NatureVision

Nature Scene Classifier

Introduction

The objective of this project is to build a powerful deep learning neural network that can classify images of buildings, forests, glaciers, mountains, seas, and streets with high accuracy. Transfer learning techniques are used, and three pre-trained models are evaluated: Xception, InceptionV3, and VGG16.

Repository Structure

The repository structure includes the following files and directories:

├── LICENSE
├── Procfile
├── README.md
├── Report.pdf
├── app.py
├── intel_image.h5
├── notebook.ipynb
├── requirements.txt
└── setup.sh

• LICENSE: File containing the license information for your project.
• Procfile: File specifying the commands to run your application in a hosting environment, such as Heroku.
• README.md: Markdown file with project documentation, instructions, or other relevant information.
• Report.pdf: PDF document providing a detailed report of the experiments for the project.
• app.py: Python file containing the main code for deployment.
• intel_image.h5: Pre-trained model file or model weights.
• notebook.ipynb: Jupyter notebook file for exploratory analysis and experiments.
• requirements.txt: File listing the required Python libraries and their versions.
• setup.sh: Shell script for setting up the project environment or executing necessary setup commands.

Dataset

The dataset used in this project is called "Natural Scenes Image Classification" and contains approximately 25,000 images of size 150x150 distributed across six categories: buildings, forests, glaciers, mountains, seas, and streets. The dataset is originally published on Kaggle and was provided by Intel for an image classification challenge.

Notebook Structure

The notebook is structured into the following sections:

1. Data Preprocessing: This section involves importing the necessary libraries, setting up the directory paths, and visualizing random images from the dataset.

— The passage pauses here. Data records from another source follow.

lemma not_idempotent_right_projection:
  assumes idem: "\<And>x. x \<in> R \<Longrightarrow> add x x = x" and proj: "\<And>x y. x \<in> R \<Longrightarrow> y \<in> R \<Longrightarrow> mul x y = y"
  shows False
proof -
  obtain a b c where abc: "a \<in> R" "b \<in> R" "c \<in> R" "a \<noteq> b" "a \<noteq> c" "b \<noteq> c"
    by (rule three_elements)
  have below: "add x e = e" if e: "e \<in> R" and x: "x \<in> R" for e x
  proof -
    \<comment> \<open>Under a projection multiplication every additive equivalence is a congruence;
      this one has at most two classes, so simplicity forces it to be full.\<close>
    define Q where "Q = {(x, y). x \<in> R \<and> y \<in> R \<and> (add x e = e \<longleftrightarrow> add y e = e)}"
    have "semiring_congruence R add mul Q"
      unfolding semiring_congruence_def
    proof (intro conjI allI impI)
      show "equiv R Q" unfolding Q_def equiv_def refl_on_def sym_def trans_def by auto
    next
      fix p q u v assume "(p, q) \<in> Q" "(u, v) \<in> Q"
      then show "(add p u, add q v) \<in> Q" and "(mul p u, mul q v) \<in> Q"
        using idempotent_add_le_iff[OF semiring idem] e proj add_closed unfolding Q_def by auto
    qed
    moreover have "Q \<noteq> Id_on R"
    proof
      assume "Q = Id_on R"
      then have "p = q" if "p \<in> R" "q \<in> R" "add p e = e \<longleftrightarrow> add q e = e" for p q
        using that unfolding Q_def by auto
      then show False using abc by metis
    qed
    ultimately have "(x, e) \<in> Q" using congruence_cases x e by blast
    then show ?thesis using idem e unfolding Q_def by auto
  qed
  have "a = add b a" using below abc by simp
  also have "\<dots> = b" using below abc semiring_add_comm[OF semiring] by metis
  finally show False using abc by simp
qed

lemma mul_depends_on_left:
  "\<not> (\<forall>r\<in>R. \<forall>s\<in>R. \<forall>t\<in>R. mul r t = mul s t)"
proof
  assume left_const: "\<forall>r\<in>R. \<forall>s\<in>R. \<forall>t\<in>R. mul r t = mul s t"
  obtain r0 where r0: "r0 \<in> R" using semiring_nonempty[OF semiring] by blast
  have mul_r0: "mul x y = mul r0 y" if "x \<in> R" "y \<in> R" for x y
    using left_const that r0 by blast
  have r0_absorb: "mul r0 (mul p u) = mul r0 u" if "p \<in> R" "u \<in> R" for p u
    using semiring_mul_assoc[OF semiring, of r0 p u] mul_r0[of "mul r0 p" u] r0 that mul_closed
    by simp
  define K where "K = {(a, b). a \<in> R \<and> b \<in> R \<and> mul r0 a = mul r0 b}"
  have "semiring_congruence R add mul K"
    unfolding K_def by (rule semiring_congruence_left_mul_kernel[OF semiring r0 r0_absorb])
  then consider "K = Id_on R" | "K = R \<times> R" using congruence_cases by blast
  then show False
  proof cases
    case 1
    have "(mul r0 y, y) \<in> K" if "y \<in> R" for y
      using that r0 mul_closed r0_absorb unfolding K_def by auto
    then have "mul r0 y = y" if "y \<in> R" for y
      using that 1 by (simp add: Id_on_iff)
    then have proj: "mul x y = y" if "x \<in> R" "y \<in> R" for x y
      using mul_r0[OF that] that by simp
    have "add z z = z" if "z \<in> R" for z
      using semiring_distrib_right[OF semiring, of z z z] proj[of "add z z" z] proj[of z z] that add_closed
      by simp
    then show False using not_idempotent_right_projection proj by blast
  next
    case 2
    then have "mul x y = mul r0 r0" if "x \<in> R" "y \<in> R" for x y
      using that r0 mul_r0[of x y] unfolding K_def by auto
    then show False by (rule mul_not_constant)
  qed
qed

lemma mul_depends_on_right:
  "\<not> (\<forall>r\<in>R. \<forall>s\<in>R. \<forall>t\<in>R. mul t r = mul t s)"
proof -
  interpret opposite: nontrivial_simple_semiring R add "\<lambda>a b. mul b a"
  proof
    show "simple_semiring R add (\<lambda>a b. mul b a)" by (rule simple_semiring_opposite[OF simple])
    show "card (prods R (\<lambda>a b. mul b a)) > 1" using card_prods_gt_1 by (subst prods_opposite)
    show "card R > 2" by (rule card_gt_2)
  qed
  show ?thesis using opposite.mul_depends_on_left .
qed

lemma faithful_regular: "faithful R R mul"
proof -
  have "annihilator R R mul (Id_on R) \<noteq> R \<times> R"
    using mul_depends_on_left unfolding annihilator_def by auto
  moreover have "semiring_congruence R add mul (annihilator R R mul (Id_on R))"
    using semiring_congruence_annihilator[OF semiring semimodule_regular[OF semiring]
        semimodule_congruence_Id_on[OF semimodule_regular[OF semiring]]] .
  ultimately have "annihilator R R mul (Id_on R) = Id_on R"
    using congruence_cases by blast
  then show ?thesis
    using faithful_iff_annihilator_Id_on[of R R mul] mul_closed by blast
qed

end

section \<open>Faithful semimodules of smallest cardinality\<close>

locale minimal_faithful_semimodule = nontrivial_simple_semiring R add mul
  for R :: "'a set" and add mul :: "'a \<Rightarrow> 'a \<Rightarrow> 'a" +
  fixes M :: "'m set" and pl :: "'m \<Rightarrow> 'm \<Rightarrow> 'm" and act :: "'a \<Rightarrow> 'm \<Rightarrow> 'm"
  assumes faithful_smallest: "faithful_smallest R add mul M pl act"
begin

lemma semimodule: "semimodule R add mul M pl act"
  and faithful: "faithful R M act"
  using faithful_smallest unfolding faithful_smallest_def by blast+

lemmas pl_closed = semimodule_pl_closed[OF semimodule]
  and act_closed = semimodule_act_closed[OF semimodule]
  and act_mul = semimodule_act_mul[OF semimodule]
  and act_add = semimodule_act_add[OF semimodule]
  and act_pl = semimodule_act_pl[OF semimodule]

lemma faithfulD: "r \<in> R \<Longrightarrow> s \<in> R \<Longrightarrow> (\<And>x. x \<in> M \<Longrightarrow> act r x = act s x) \<Longrightarrow> r = s"
  using faithful unfolding faithful_def by blast

lemma embeds_into_faithful:
  fixes N :: "'m set"
  assumes "semimodule R add mul N plN actN" "faithful R N actN"
  obtains f where "inj_on f M" "f ` M \<subseteq> N"
proof -
  have "\<not> card_less N M"
    using faithful_smallest assms unfolding faithful_smallest_def by blast
  then show thesis using that unfolding card_less_def by blast
qed

lemma finite_M: "finite M"
proof (rule ccontr)
  assume "infinite M"
  then obtain A where A: "finite A" "card A = card R" "A \<subseteq> M"
    using infinite_arbitrarily_large by blast
  then obtain g where g: "bij_betw g R A"
    using finite_same_card_bij finite_R by metis
  obtain f where "inj_on f M" "f ` M \<subseteq> A"
    using embeds_into_faithful semimodule_transfer[OF semiring g]
      faithful_transfer[OF semiring faithful_regular g] .
  then have "finite M" using A(1) finite_subset inj_on_finite by blast
  with \<open>infinite M\<close> show False by contradiction
qed

lemma card_le_faithful:
  fixes N :: "'m set"
  assumes "semimodule R add mul N plN actN" "faithful R N actN" "finite N"
  shows "card M \<le> card N"
  using embeds_into_faithful[OF assms(1,2)] card_inj_on_le assms(3) by metis

lemma annihilator_cases:
  assumes "semimodule_congruence R M pl act E"
  shows "annihilator R M act E = Id_on R \<or> annihilator R M act E = R \<times> R"
  using congruence_cases semiring_congruence_annihilator[OF semiring semimodule assms] by blast

lemma congruence_Id_on_if_annihilator_Id_on:
  assumes E: "semimodule_congruence R M pl act E" and ann: "annihilator R M act E = Id_on R"
  shows "E = Id_on M"
proof -
  obtain q where q_M: "\<And>x. x \<in> M \<Longrightarrow> q x \<in> M" and E_q: "\<And>x. x \<in> M \<Longrightarrow> (x, q x) \<in> E"
    and q_eq_iff: "\<And>x y. x \<in> M \<Longrightarrow> y \<in> M \<Longrightarrow> q x = q y \<longleftrightarrow> (x, y) \<in> E"
    and quotient: "semimodule R add mul (q ` M) (\<lambda>u v. q (pl u v)) (\<lambda>r u. q (act r u))"
    using semimodule_quotient_representatives[OF semiring semimodule E] by blast
  have "faithful R (q ` M) (\<lambda>r u. q (act r u))"
    unfolding faithful_def
  proof (intro ballI impI)
    fix r s assume rs: "r \<in> R" "s \<in> R" and eq: "\<forall>u\<in>q ` M. q (act r u) = q (act s u)"
    have q_act: "q (act t x) = q (act t (q x))" if "t \<in> R" "x \<in> M" for t x
      using semimodule_congruence_act[OF E that(1) E_q[OF that(2)]] q_eq_iff act_closed q_M that by simp
    have "(act r x, act s x) \<in> E" if x: "x \<in> M" for x
    proof -
      have "q (act r x) = q (act r (q x))" using q_act rs x by blast
      also have "\<dots> = q (act s (q x))" using eq x by blast
      also have "\<dots> = q (act s x)" using q_act rs x by simp
      finally show ?thesis using q_eq_iff rs x act_closed by simp
    qed
    then have "(r, s) \<in> annihilator R M act E" unfolding annihilator_def using rs by blast
    then show "r = s" using ann by auto
  qed
  then have "card M \<le> card (q ` M)"
    using card_le_faithful[OF quotient] finite_M by blast
  then have "card (q ` M) = card M" using card_image_le[OF finite_M, of q] by simp
  then have "inj_on q M" by (rule eq_card_imp_inj_on[OF finite_M])
  moreover have "E \<subseteq> M \<times> M" "Id_on M \<subseteq> E"
    using E unfolding semimodule_congruence_def equiv_def refl_on_def by auto
  ultimately show ?thesis
    using q_eq_iff unfolding inj_on_def by auto
qed

lemma eq_if_act_eq:
  assumes "x \<in> M" "y \<in> M" "\<And>r. r \<in> R \<Longrightarrow> act r x = act r y"
  shows "x = y"
proof -
  define E where "E = {(x, y). x \<in> M \<and> y \<in> M \<and> (\<forall>r\<in>R. act r x = act r y)}"
  have E: "semimodule_congruence R M pl act E"
    unfolding semimodule_congruence_def
  proof (intro conjI allI impI ballI)
    show "equiv M E" unfolding E_def equiv_def refl_on_def sym_def trans_def by auto
  next
    fix x y u v assume "(x, y) \<in> E" "(u, v) \<in> E"
    then show "(pl x u, pl y v) \<in> E" unfolding E_def using act_pl pl_closed by auto
  next
    fix r x y assume "r \<in> R" "(x, y) \<in> E"
    then show "(act r x, act r y) \<in> E" unfolding E_def using act_mul act_closed mul_closed by auto
  qed
  have "annihilator R M act E \<noteq> R \<times> R"
  proof
    assume full: "annihilator R M act E = R \<times> R"
    have "mul t r = mul t s" if "r \<in> R" "s \<in> R" "t \<in> R" for r s t
    proof (rule faithfulD)
      fix x assume x: "x \<in> M"
      have "(r, s) \<in> annihilator R M act E" using full that by blast
      then have "act t (act r x) = act t (act s x)"
        using x that unfolding annihilator_def E_def by blast
      then show "act (mul t r) x = act (mul t s) x" using act_mul that x by simp
    qed (use that mul_closed in auto)
    then show False using mul_depends_on_right by blast
  qed
  then have "E = Id_on M"
    using annihilator_cases[OF E] congruence_Id_on_if_annihilator_Id_on[OF E] by blast
  moreover have "(x, y) \<in> E" unfolding E_def using assms by auto
  ultimately show ?thesis by auto
qed

lemma subsemimodule_eq_if_faithful:
  assumes S: "subsemimodule R M pl act S" "S \<noteq> {}" and "faithful R S act"
  shows "S = M"
proof -
  have "S \<subseteq> M" using S(1) unfolding subsemimodule_def by blast
  moreover have "card M \<le> card S"
    using card_le_faithful[OF semimodule_subsemimodule[OF semimodule S] assms(3)]
      finite_M \<open>S \<subseteq> M\<close> finite_subset by blast
  ultimately show ?thesis using card_subset_eq[OF finite_M] card_mono[OF finite_M] by (metis le_antisym)
qed

lemma not_quasitrivial: "\<not> quasitrivial R M act"
proof
  assume "quasitrivial R M act"
  then have "r = s" if "r \<in> R" "s \<in> R" for r s
    using faithfulD that unfolding quasitrivial_def by blast
  moreover obtain a b where "a \<in> R" "b \<in> R" "a \<noteq> b" using three_elements by metis
  ultimately show False by blast
qed

lemma sub_irreducible: "sub_irreducible R M pl act"
  unfolding sub_irreducible_def
proof (intro conjI allI impI)
  show "\<not> quasitrivial R M act" by (rule not_quasitrivial)
next
  fix S assume "subsemimodule R M pl act S \<and> S \<noteq> M"
  then have S: "subsemimodule R M pl act S" and proper: "S \<noteq> M" by auto
  then have S_M: "S \<subseteq> M" and act_S: "\<And>r x. r \<in> R \<Longrightarrow> x \<in> S \<Longrightarrow> act r x \<in> S"
    unfolding subsemimodule_def by blast+
  show "id_quasitrivial R S act"
  proof (cases "S = {}")
    case False
    have smS: "semimodule R add mul S pl act"
      by (rule semimodule_subsemimodule[OF semimodule S False])
    have "\<not> faithful R S act" using subsemimodule_eq_if_faithful[OF S False] proper by blast
    then have "annihilator R S act (Id_on S) \<noteq> Id_on R"
      by (simp add: faithful_iff_annihilator_Id_on[OF act_S])
    moreover have "semiring_congruence R add mul (annihilator R S act (Id_on S))"
      by (rule semiring_congruence_annihilator[OF semiring smS semimodule_congruence_Id_on[OF smS]])
    ultimately have "annihilator R S act (Id_on S) = R \<times> R"
      using congruence_cases by blast
    then have act_indep: "act r x = act s x" if "r \<in> R" "s \<in> R" "x \<in> S" for r s x
      using that unfolding annihilator_def by auto
    have "act r x = x" if "r \<in> R" "x \<in> S" for r x
    proof (rule eq_if_act_eq)
      fix t assume t: "t \<in> R"
      have "act t (act r x) = act (mul t r) x" using act_mul t that S_M by blast
      also have "\<dots> = act t x" using act_indep mul_closed t that by blast
      finally show "act t (act r x) = act t x" .
    qed (use that S_M act_closed in auto)
    then show ?thesis unfolding id_quasitrivial_def by blast
  qed (simp add: id_quasitrivial_def)
qed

2. Model Building: In this section, three pre-trained models (Xception, InceptionV3, and VGG16) are built and trained using the dataset. Each model is evaluated for accuracy and performance.

3. Comparing Results: The results from each model are compared by plotting the accuracy per iteration.

4. Saving the Model: The best model (Xception) is saved for future use.

5. Testing the Model: The saved model is loaded and used to predict and classify images from a test dataset. The predicted labels are compared with the actual labels to evaluate the model's performance.

Results

The project achieves good accuracy in classifying the images, with the Xception model showing slightly higher validation scores compared to InceptionV3 and VGG16. The accuracy over the test set is measured to be 95.65%.

Deployment

The project is deployed and accessible through the following link: NatureVison App. This web application allows users to upload their own images and obtain predictions for the corresponding nature scenes.

Conclusion

The project demonstrates the effectiveness of transfer learning techniques in building powerful image classification models. By leveraging pre-trained models such as Xception, InceptionV3, and VGG16, accurate predictions can be achieved even with limited training data. This project can serve as a starting point for more advanced image classification tasks and can be further improved by fine-tuning the pre-trained models or exploring other architectures.